Red Cloud's War

Red Cloud's War (also referred to as the Bozeman War or the Powder River War) was an armed conflict between the Lakota, Northern Cheyenne, and Northern Arapaho and the United States in Wyoming and Montana territories from 1866 to 1868. The war was fought over control of the Powder River Country in north-central Wyoming. In 1863, European Americans had blazed the Bozeman Trail through the heart of the traditional territory of the Cheyenne, Arapaho, and Lakota. It was the shortest and easiest route from Fort Laramie and the Oregon Trail to the Montana gold fields. From 1864 to 1866, the trail was traversed by about 3,500 miners, emigrant settlers and others. The emigrants competed with the Indians for the diminishing resources near the trail.

The United States named the war after Red Cloud, a prominent Oglala Lakota chief who led his followers in opposition to the presence of the U.S. military in the area. He was allied with the Cheyenne and Arapaho. With peace achieved under the Treaty of Fort Laramie in 1868, the Indians were victorious. They gained legal control of the Powder River country, although their victory would only endure for 8 years until the Great Sioux War of 1876.

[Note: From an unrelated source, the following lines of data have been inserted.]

(* Let $(\lambda_0,\dots,\lambda_n)\in\mathbb{C}^{n+1}$ and assume $E_{(\lambda_0,\dots,\lambda_n)}$ is closed under complex conjugation. Let $M_n:=\max\{|\mathrm{Im}\,\lambda_j|: j=0,\dots,n\}$. Then for all real $a<b$ with $b-a<\pi/M_n$ (interpreted as no restriction when $M_n=0$), $E_{(\lambda_0,\dots,\lambda_n)}$ is an extended Chebyshev system over the interval $[a,b]$.
   Context: $E_{(\lambda_0,\dots,\lambda_n)}$ denotes the space of all $f\in C^\infty(\mathbb{R},\mathbb{C})$ with $(\frac{d}{dx}-\lambda_0)\cdots(\frac{d}{dx}-\lambda_n)f=0$ (dimension $n+1$). A zero of order $k$ at $a$ means $f(a)=\dots=f^{(k-1)}(a)=0$, $f^{(k)}(a)\ne0$. $E_{(\lambda_0,\dots,\lambda_n)}$ is an extended Chebyshev system over a set $A\subset\mathbb{R}$ if every nonzero element has at most $n$ zeros in $A$ counted with multiplicity. Closed under complex conjugation means $\overline f\in E_{(\lambda_0,\dots,\lambda_n)}$ whenever $f\in E_{(\lambda_0,\dots,\lambda_n)}$. *)

theory Defs
  imports "HOL-Analysis.Analysis"
begin

fun vderiv :: "nat \<Rightarrow> (real \<Rightarrow> complex) \<Rightarrow> real \<Rightarrow> complex" where
  "vderiv 0 f = f"
| "vderiv (Suc k) f = (\<lambda>x. vector_derivative (vderiv k f) (at x))"

definition smooth_fun :: "(real \<Rightarrow> complex) \<Rightarrow> bool" where
  "smooth_fun f \<longleftrightarrow> (\<forall>k x. vderiv k f differentiable (at x))"

definition shift_op :: "complex \<Rightarrow> (real \<Rightarrow> complex) \<Rightarrow> real \<Rightarrow> complex" where
  "shift_op c g = (\<lambda>x. vector_derivative g (at x) - c * g x)"

fun diff_op :: "(nat \<Rightarrow> complex) \<Rightarrow> nat \<Rightarrow> (real \<Rightarrow> complex) \<Rightarrow> real \<Rightarrow> complex" where
  "diff_op lam 0 f = shift_op (lam 0) f"
| "diff_op lam (Suc n) f = diff_op lam n (shift_op (lam (Suc n)) f)"

definition E_space :: "(nat \<Rightarrow> complex) \<Rightarrow> nat \<Rightarrow> (real \<Rightarrow> complex) set" where
  "E_space lam n = {f. smooth_fun f \<and> diff_op lam n f = (\<lambda>x. 0)}"

definition zero_of_order :: "(real \<Rightarrow> complex) \<Rightarrow> real \<Rightarrow> nat \<Rightarrow> bool" where
  "zero_of_order f a k \<longleftrightarrow> (\<forall>i<k. vderiv i f a = 0) \<and> vderiv k f a \<noteq> 0"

Red Cloud's War consisted mostly of constant small-scale Indian raids and attacks on the soldiers and civilians at the three forts in the Powder River country, wearing down those garrisons. The largest action of the war, the Fetterman Fight (with 81 men killed on the U.S. side), was the worst military defeat suffered by the U.S. on the Great Plains until the Battle of the Little Bighorn ten years later.